I've done CO2 once before and haven't messed with it in a few years since I moved and didn't have room for a tank over 10g. Recently set up this 40g breeder maybe 3-4 weeks ago, set up CO2 about 2 weeks ago and think I'm pumping somewhere between 2-3 bubbles per second through an atomizer diffuser on one side of the tank. For fear of losing any fish I have had a sponge filter with an airpump hooked up on the opposite end of the tank as the CO2. I am dosing EI method and I can give more specifics of how much of what I'm putting in when I get home as I'm posting on my lunch break here at work, let me know if what exactly I'm dosing would help out. However my question is more about the bubble sponge filter. Should I have it? Recently my java fern (which is probably the one plant thats stayed with me through every single tank I've ever had because even I can't accidentally kill this stuff) has started to get what I believe is staghorn algae.
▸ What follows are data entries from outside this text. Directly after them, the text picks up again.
(* Let $\Theta=\Theta^1\times\cdots\times\Theta^k\subseteq\mathbb{R}^p$ be a Cartesian product of convex sets, and let $f:\mathbb{R}^p\to\mathbb{R}$ be continuous and bounded below, such that for all $\theta,\theta'\in\Theta$ the directional derivative $\nabla f(\theta,\theta'-\theta)$ exists. Consider the randomized block coordinate scheme: given $\theta_0\in\Theta$, for $n\ge1$ choose a separable surrogate $g_n(\theta)=\sum_{i=1}^k g_n^i(\theta^i)$ of $f$, pick an index $\hat\imath_n\in\{1,\dots,k\}$ uniformly at random (independently), set $\theta_n^{\hat\imath_n}\in\operatorname{arg\,min}_{\theta^{\hat\imath_n}\in\Theta^{\hat\imath_n}}g_n^{\hat\imath_n}(\theta^{\hat\imath_n})$ and $\theta_n^i=\theta_{n-1}^i$ for $i\ne\hat\imath_n$. Assume that each $g_n$ is a majorant function in $\mathcal{S}_L(f,\theta_{n-1})$, and that $\theta_0$ is a minimizer over $\Theta$ of some separable majorant function in $\mathcal{S}_L(f,\theta_{-1})$ for some $\theta_{-1}\in\Theta$. Then, with probability one, $(f(\theta_n))_{n\ge0}$ is monotonically non-increasing and $$\liminf_{n\to+\infty}\ \inf_{\theta\in\Theta\setminus\{\theta_n\}}\frac{\nabla f(\theta_n,\theta-\theta_n)}{\|\theta-\theta_n\|_2}\ \ge 0.$$
   Context: $\theta=(\theta^1,\dots,\theta^k)$ with $\theta^i\in\Theta^i$. Directional derivative: $\nabla f(\theta,\theta'-\theta)\triangleq\lim_{t\to0^+}\frac{f(\theta+t(\theta'-\theta))-f(\theta)}{t}$. First-order surrogates: $g:\mathbb{R}^p\to\mathbb{R}$ belongs to $\mathcal{S}_L(f,\kappa)$ if (a) $g(\theta')\ge f(\theta')$ for all $\theta'\in\operatorname{arg\,min}_{\theta\in\Theta}g(\theta)$, and (b) $h\triangleq g-f$ is differentiable with $L$-Lipschitz gradient, $h(\kappa)=0$, $\nabla h(\kappa)=0$. A majorant function satisfies $g\ge f$ everywhere. The minimizers are assumed to exist. *)

theory Defs
  imports "HOL-Probability.Probability"
begin

text \<open>Block structure: the coordinates of a vector in real^'n are partitioned into k
blocks via blk :: 'n => nat (with range {..<k}); block i of theta is represented
as the vector that keeps the coordinates of block i and zeroes all others.\<close>

definition blk_proj :: "('n::finite \<Rightarrow> nat) \<Rightarrow> nat \<Rightarrow> real^'n \<Rightarrow> real^'n" where
  "blk_proj blk i x = (\<chi> j. if blk j = i then x $ j else 0)"

definition blk_product :: "('n::finite \<Rightarrow> nat) \<Rightarrow> nat \<Rightarrow> (nat \<Rightarrow> (real^'n) set) \<Rightarrow> (real^'n) set" where
  "blk_product blk k T = {x. \<forall>i<k. blk_proj blk i x \<in> T i}"

definition separable :: "('n::finite \<Rightarrow> nat) \<Rightarrow> nat \<Rightarrow> (real^'n \<Rightarrow> real) \<Rightarrow> bool" where
  "separable blk k g \<longleftrightarrow> (\<exists>gi. \<forall>x. g x = (\<Sum>i<k. gi i (blk_proj blk i x)))"

definition arg_min_set :: "('a \<Rightarrow> real) \<Rightarrow> 'a set \<Rightarrow> 'a set" where
  "arg_min_set g S = {x \<in> S. \<forall>y\<in>S. g x \<le> g y}"

definition dir_deriv_exists :: "('a::real_normed_vector \<Rightarrow> real) \<Rightarrow> 'a \<Rightarrow> 'a \<Rightarrow> bool" where
  "dir_deriv_exists f x d \<longleftrightarrow>
     (\<exists>l. ((\<lambda>t. (f (x + t *\<^sub>R d) - f x) / t) \<longlongrightarrow> l) (at_right 0))"

definition dir_deriv :: "('a::real_normed_vector \<Rightarrow> real) \<Rightarrow> 'a \<Rightarrow> 'a \<Rightarrow> real" where
  "dir_deriv f x d = Lim (at_right 0) (\<lambda>t. (f (x + t *\<^sub>R d) - f x) / t)"

definition majorant :: "('a \<Rightarrow> real) \<Rightarrow> ('a \<Rightarrow> real) \<Rightarrow> bool" where
  "majorant f g \<longleftrightarrow> (\<forall>x. f x \<le> g x)"

definition first_order_surrogate ::
  "real \<Rightarrow> ('a::euclidean_space \<Rightarrow> real) \<Rightarrow> 'a set \<Rightarrow> 'a \<Rightarrow> ('a \<Rightarrow> real) \<Rightarrow> bool" where
  "first_order_surrogate L f Th \<kappa> g \<longleftrightarrow>
     (\<forall>x\<in>arg_min_set g Th. f x \<le> g x) \<and>
     (\<exists>G. (\<forall>x. ((\<lambda>y. g y - f y) has_derivative (\<lambda>v. G x \<bullet> v)) (at x)) \<and>
          (\<forall>x y. norm (G x - G y) \<le> L * norm (x - y)) \<and>
          g \<kappa> - f \<kappa> = 0 \<and> G \<kappa> = 0)"

end

theory Submission
  imports Defs
begin
lemma sum_pay_eq_integral:
  "m \<le> length ord \<Longrightarrow> (\<Sum>j<m. pay (ord ! j)) = integral {0..z m} (price k c)"
proof (induction m)
  case 0
  then show ?case
    by (simp add: z_def)
next
  case (Suc m)
  have bounds: "0 \<le> z m" "z m \<le> z (Suc m)" "z (Suc m) \<le> 1/2"
    using z_bounds[of m] z_bounds[of "Suc m"] Suc.prems z_Suc[of m] x_nonneg[of m] by auto
  have "integral {0..z m} (price k c) + integral {z m..z (Suc m)} (price k c)
      = integral {0..z (Suc m)} (price k c)"
    by (rule Henstock_Kurzweil_Integration.integral_combine) (use bounds c_nonneg price_integrable in auto)
  then show ?case
    using Suc pay_eq_cost[of m] z_Suc[of m] by (simp add: cost_def)
qed

lemma sum_others_eq_sum_turns:
  "(\<Sum>i\<in>{i. i < n \<and> i \<noteq> r}. f i) = (\<Sum>j<length ord. f (ord ! j))"
  using sum_list_distinct_conv_sum_set[OF ord_distinct, of f] set_ord
  by (simp add: sum_list_sum_nth atLeast0LessThan)

lemma revenue_eq_sum_pay: "revenue = (\<Sum>i\<in>{i. i < n \<and> i \<noteq> r}. pay i)"
  unfolding revenue_def Z_def sum_others_eq_sum_turns using sum_pay_eq_integral by simp

lemma revenue_nonneg: "0 \<le> revenue"
  unfolding revenue_eq_sum_pay sum_others_eq_sum_turns by (rule sum_nonneg) (use pay_nonneg in auto)

lemma revenue_le_welfare: "revenue \<le> (\<Sum>i\<in>{i. i < n \<and> i \<noteq> r}. vbar v B i (x i))"
  unfolding revenue_eq_sum_pay sum_others_eq_sum_turns by (rule sum_mono) (use pay_le_vbar in auto)

lemma deviation_gain_small:
  assumes unsold: "Z \<le> 1/2 - 1/(2 * real k)" and i: "i < n" "i \<noteq> r"
    and y: "0 \<le> y" "y \<le> 1/(2 * real k)"
  shows "vbar v B i y \<le> vbar v B i (x i) + 2 * price_level k c Z * y"
proof -
  obtain m where m: "m < length ord" "ord ! m = i"
    using obtain_turn i .
  have zm: "0 \<le> z m" "z m \<le> Z"
    using z_bounds[of m] z_le_Z[of m] m by auto
  have room: "z m + y \<le> 1/2"
    using zm unsold y by simp
  \<comment> \<open>The extra share stays within the next step of the curve.\<close>
  have "price_level k c (z m + y) \<le> price_level k c (Z + 1/(2 * real k))"
    by (rule price_level_mono) (use c_nonneg zm y in auto)
  also have "\<dots> = 2 * price_level k c Z"
    by (rule price_level_step) (use k_pos Z_bounds in auto)
  finally have "y * price_level k c (z m + y) \<le> y * (2 * price_level k c Z)"
    using y by (intro mult_left_mono) auto
  then have cost: "cost k c (z m) y \<le> 2 * price_level k c Z * y"
    using cost_le[where k=k, OF c_nonneg zm(1) y(1) room] by (simp add: mult.commute)
  have gain_nonneg: "0 \<le> 2 * price_level k c Z * y"
    using price_level_nonneg[OF c_nonneg] y by simp
  show ?thesis
  proof (cases "cost k c (z m) y \<le> B i")
    case True
    then have "v i y - cost k c (z m) y \<le> v i (x i)"
      using value_ge_deviation[OF m(1) y(1)] room m by auto
    then show ?thesis
      using cost gain_nonneg unfolding vbar_def by linarith
  next
    case False
    moreover have "0 \<le> vbar v B i (x i)"
      using vbar_nonneg valuations budgets_pos i x_bounds[OF i] by auto
    ultimately show ?thesis
      using cost unfolding vbar_def by linarith
  qed
qed

lemma deviation_gain:
  assumes unsold: "Z \<le> 1/2 - 1/(2 * real k)" and i: "i < n" "i \<noteq> r"
    and y: "0 \<le> y" "y \<le> 1" and weak: "vbar v B i (1/2) \<le> c"
  shows "vbar v B i y \<le> vbar v B i (x i) + (2 * price_level k c Z + 4 * real k * c) * y"
proof (cases "y \<le> 1/(2 * real k)")
  case True
  moreover have "0 \<le> 4 * real k * c * y"
    using c_nonneg y by simp
  ultimately show ?thesis
    using deviation_gain_small[OF unsold i y(1)] by (simp add: algebra_simps)
next
  case False
  then have "2 * c \<le> 4 * real k * c * y"
    using k_pos c_nonneg mult_left_mono[of 1 "2 * real k * y" "2 * c"] by (simp add: field_simps)
  moreover have "vbar v B i y \<le> 2 * c"
    using vbar_le_twice_half[of v i B y] valuations budgets_pos i y weak by simp
  moreover have "0 \<le> vbar v B i (x i)" "0 \<le> price_level k c Z * y"
    using vbar_nonneg valuations budgets_pos i x_bounds[OF i] price_level_nonneg[OF c_nonneg] y
    by auto
  ultimately show ?thesis
    by (simp add: algebra_simps)
qed
(* Let $\mathbf b=(b_1,b_2)\in\mathbb N^2$ with $\gcd(b_1,b_2)=1$ and $b_1\le b_2$, let $r\ge1$ and $\boldsymbol\alpha=(\alpha_1,\dots,\alpha_r)\in(0,1)^r$. With $\overline R(n)$ as below, for every $\varepsilon>0$, $$\mathbb V\big(\overline R(n)\big)=O\big(n^{-1/2+\varepsilon}\big),$$ the implied constant depending on $\boldsymbol\alpha,\mathbf b,r,\varepsilon$.
   Context: $\mathbf b$-visibility: given two distinct lattice points $P=(p_1,p_2)$, $Q=(q_1,q_2)\in\mathbb Z^2$, they determine a curve through both of the form $a_1(y-q_2)^{b_1}=a_2(x-q_1)^{b_2}$ for some $(a_1,a_2)\in\mathbb Q^2\setminus\{(0,0)\}$; $P$ is $\mathbf b$-visible from $Q$ if no other lattice point lies on the segment of this curve between $P$ and $Q$; a point $P\ne(0,0)$ is $\mathbf b$-visible if it is $\mathbf b$-visible from the origin. For $1\le j\le r$, $(P^{(j)}_i)_{i\ge0}$ is an $\alpha_j$-random walk ($P^{(j)}_0=(0,0)$, $P^{(j)}_{i+1}=P^{(j)}_i+(1,0)$ with probability $\alpha_j$ and $+(0,1)$ with probability $1-\alpha_j$, independently), the $r$ walks being mutually independent. $Y_i=1$ if all $P^{(j)}_i$, $1\le j\le r$, are $\mathbf b$-visible, $Y_i=0$ otherwise; $\overline R(n)=\frac1n\sum_{i=1}^nY_i$. *)

theory Defs
  imports "HOL-Probability.Probability" "HOL-Library.Landau_Symbols"
begin

definition on_b_curve :: "nat \<times> nat \<Rightarrow> rat \<times> rat \<Rightarrow> int \<times> int \<Rightarrow> bool" where
  "on_b_curve b a X \<longleftrightarrow>
     fst a * of_int (snd X) ^ fst b = snd a * of_int (fst X) ^ snd b"

definition betw :: "int \<Rightarrow> int \<Rightarrow> int \<Rightarrow> bool" where
  "betw u v x \<longleftrightarrow> min u v \<le> x \<and> x \<le> max u v"

definition b_visible :: "nat \<times> nat \<Rightarrow> int \<times> int \<Rightarrow> bool" where
  "b_visible b P \<longleftrightarrow> P \<noteq> (0,0) \<and>
     (\<forall>a::rat \<times> rat. a \<noteq> (0,0) \<and> on_b_curve b a P \<longrightarrow>
        (\<forall>X::int \<times> int. on_b_curve b a X \<and> betw 0 (fst P) (fst X) \<and> betw 0 (snd P) (snd X)
            \<longrightarrow> X = (0,0) \<or> X = P))"

text \<open>Probability space of the steps: omega (j,i) = True means the i-th step
  (i = 0,1,...) of walk j is (1,0), which has probability alpha j; otherwise (0,1).
  All steps are independent.\<close>
definition walk_space :: "nat \<Rightarrow> (nat \<Rightarrow> real) \<Rightarrow> (nat \<times> nat \<Rightarrow> bool) measure" where
  "walk_space r \<alpha> = (\<Pi>\<^sub>M ji\<in>{1..r} \<times> UNIV. measure_pmf (bernoulli_pmf (\<alpha> (fst ji))))"

definition walk_pos :: "(nat \<times> nat \<Rightarrow> bool) \<Rightarrow> nat \<Rightarrow> nat \<Rightarrow> int \<times> int" where
  "walk_pos \<omega> j i =
     (int (card {k. k < i \<and> \<omega> (j,k)}), int (card {k. k < i \<and> \<not> \<omega> (j,k)}))"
Branching dark black algae on the ends of the leaves (can take a picture sometime soon and post it if necessary to identify). This java fern is really close to the sponge filter that is hooked up to the air pump. I'm curious if the reason that I'm getting this algae is because of CO2 being lost into the air because of the pump? I really only see this algae near and around the sponge filter. The tank itself is open style with 2 canister filters meant for 75+ gallon tanks. The flow around this area of the tank isn't strong either (except from the bubbles of the sponge filter) so thats another thing that had crossed my mind. Just two days ago is when I started dosing more of the fertilizers (trace and a tiny bit of iron on top of that) because I was waiting on the shipment and also two or three days ago I increased how much co2 I'm putting in the tank up from about 1 bubble per second to between 2-3. 
Sorry for this long winded post here. I guess the TLDR version is I have co2 injection and a bubble filter do I need the bubble filter or can I remove it without the fish running out of air at night time? (I do have a timer that I could set the bubble filter to run at night time only maybe that would be a good solution...?)


----------